=== Begin Enclosure ===
lemma shrink_improves_resp:
  fixes l :: "('i::finite \<Rightarrow> real) \<Rightarrow> real"
  assumes "\<forall>x\<in>profiles. 0 \<le> l x" "(\<Sum>x\<in>profiles. l x * (p x * \<phi> x * x i)) \<le> z"
  shows "z \<le> 0 \<Longrightarrow> resp p \<phi> i \<le> resp p (shrink l \<phi>) i"
    and "z < 0 \<Longrightarrow> resp p \<phi> i < resp p (shrink l \<phi>) i"
proof -
  let ?S = "\<Sum>x\<in>profiles. l x * (p x * \<phi> x * x i)"
  let ?D = "2 * (1 + (\<Sum>y\<in>profiles. l y))"
  have "0 < ?D" using assms(1) by (simp add: add_pos_nonneg sum_nonneg)
  show "resp p \<phi> i \<le> resp p (shrink l \<phi>) i" if "z \<le> 0"
  proof -
    have "0 \<le> - ?S / ?D" using \<open>0 < ?D\<close> assms(2) that by (intro divide_nonneg_pos) auto
    then show ?thesis using resp_shrink[of p l \<phi> i] by simp
  qed
  show "resp p \<phi> i < resp p (shrink l \<phi>) i" if "z < 0"
  proof -
    have "0 < - ?S / ?D" using \<open>0 < ?D\<close> assms(2) that by (intro divide_pos_pos) auto
    then show ?thesis using resp_shrink[of p l \<phi> i] by simp
  qed
qed

(* As p x > 0, the second clause says phi x * (w.x) >= 0: phi follows the w-weighted majority
  at every profile where w does not tie. *)
definition supporting_weights ::
    "(('i::finite \<Rightarrow> real) \<Rightarrow> real) \<Rightarrow> (('i \<Rightarrow> real) \<Rightarrow> real) \<Rightarrow> ('i \<Rightarrow> real) \<Rightarrow> bool"
  where "supporting_weights p \<phi> w \<longleftrightarrow>
    (\<forall>i. 0 \<le> w i) \<and> (\<forall>x\<in>profiles. 0 \<le> (\<Sum>i\<in>UNIV. w i * (p x * \<phi> x * x i)))"

lemma sum_weights_gain:
  fixes W :: "'k \<Rightarrow> 'i \<Rightarrow> 'a::semiring_0"
  shows "(\<Sum>i\<in>UNIV. (\<Sum>k\<in>K. W k i) * v i) = (\<Sum>k\<in>K. \<Sum>i\<in>UNIV. W k i * v i)"
  unfolding sum_distrib_right by (rule sum.swap)

lemma supporting_weights_sum:
  assumes "\<forall>k\<in>K. supporting_weights p \<phi> (W k)"
  shows "supporting_weights p \<phi> (\<lambda>i. \<Sum>k\<in>K. W k i)"
  using assms unfolding supporting_weights_def sum_weights_gain by (simp add: sum_nonneg)

lemma weighted_majority_if_supporting_weights:
  assumes "det_rule \<phi>" "\<forall>x\<in>profiles. 0 < p x" "supporting_weights p \<phi> w" "w \<noteq> (\<lambda>_. 0)"
  shows "weighted_majority w \<phi>"
  unfolding weighted_majority_def
proof (intro conjI[OF \<open>w \<noteq> (\<lambda>_. 0)\<close>] ballI)
  fix x :: "'a \<Rightarrow> real" assume "x \<in> profiles"
  have "(\<Sum>i\<in>UNIV. w i * (p x * \<phi> x * x i)) = p x * (\<phi> x * (\<Sum>i\<in>UNIV. w i * x i))"
    by (simp add: sum_distrib_left mult_ac)
  moreover have "0 < p x" "0 \<le> (\<Sum>i\<in>UNIV. w i * (p x * \<phi> x * x i))"
    using assms(2,3) \<open>x \<in> profiles\<close> by (auto simp: supporting_weights_def)
  ultimately have "0 \<le> \<phi> x * (\<Sum>i\<in>UNIV. w i * x i)"
    by (simp add: zero_le_mult_iff)
  moreover have "\<phi> x = -1 \<or> \<phi> x = 1" using assms(1) \<open>x \<in> profiles\<close> by (simp add: det_rule_def)
  ultimately show "((\<Sum>i\<in>UNIV. w i * x i) > 0 \<longrightarrow> \<phi> x = 1) \<and>
      ((\<Sum>i\<in>UNIV. w i * x i) < 0 \<longrightarrow> \<phi> x = -1)"
    by auto
qed

lemma weakly_efficient_imp_nonneg_weighted_majority:
  assumes "det_rule \<phi>" "\<forall>x\<in>profiles. 0 < p x" "weakly_efficient p \<phi>"
  shows "\<exists>w. weighted_majority w \<phi> \<and> (\<forall>i. 0 \<le> w i)"
proof -
  have "\<not> (\<exists>l. (\<forall>x\<in>profiles. 0 \<le> l x) \<and> (\<forall>i. (\<Sum>x\<in>profiles. l x * (p x * \<phi> x * x i)) \<le> -1))"
  proof
    assume "\<exists>l. (\<forall>x\<in>profiles. 0 \<le> l x) \<and> (\<forall>i. (\<Sum>x\<in>profiles. l x * (p x * \<phi> x * x i)) \<le> -1)"
    then obtain l where l: "\<forall>x\<in>profiles. 0 \<le> l x"
      and below: "\<forall>i. (\<Sum>x\<in>profiles. l x * (p x * \<phi> x * x i)) \<le> -1" by blast
    have "strictly_pareto_pref p (shrink l \<phi>) \<phi>"
      unfolding strictly_pareto_pref_def using shrink_improves_resp(2)[OF l below[rule_format]] by simp
    moreover have "random_rule (shrink l \<phi>)"
      using random_rule_shrink[OF det_rule_imp_random_rule[OF assms(1)] l] .
    ultimately show False using assms(3) unfolding weakly_efficient_def by blast
  qed
  then obtain w where "\<forall>i. 0 \<le> w i" "\<forall>x\<in>profiles. 0 \<le> (\<Sum>i\<in>UNIV. w i * (p x * \<phi> x * x i))"
    and "(\<Sum>i\<in>UNIV. w i * -1) < 0"
    by (rule farkas_lemma_inequalities[OF finite_profiles, of "\<lambda>x i. p x * \<phi> x * x i" "\<lambda>_. -1"])
  moreover from \<open>(\<Sum>i\<in>UNIV. w i * -1) < 0\<close> have "w \<noteq> (\<lambda>_. 0)" by auto
  ultimately show ?thesis
    using weighted_majority_if_supporting_weights[OF assms(1,2)] by (auto simp: supporting_weights_def)
qed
=== End Enclosure ===
▶ [Task to carry out]: A line belongs in the answer if it contains the word "blast"; please copy each such line from the material.

▶ [The answer]:
      and below: "\<forall>i. (\<Sum>x\<in>profiles. l x * (p x * \<phi> x * x i)) \<le> -1" by blast
    ultimately show False using assms(3) unfolding weakly_efficient_def by blast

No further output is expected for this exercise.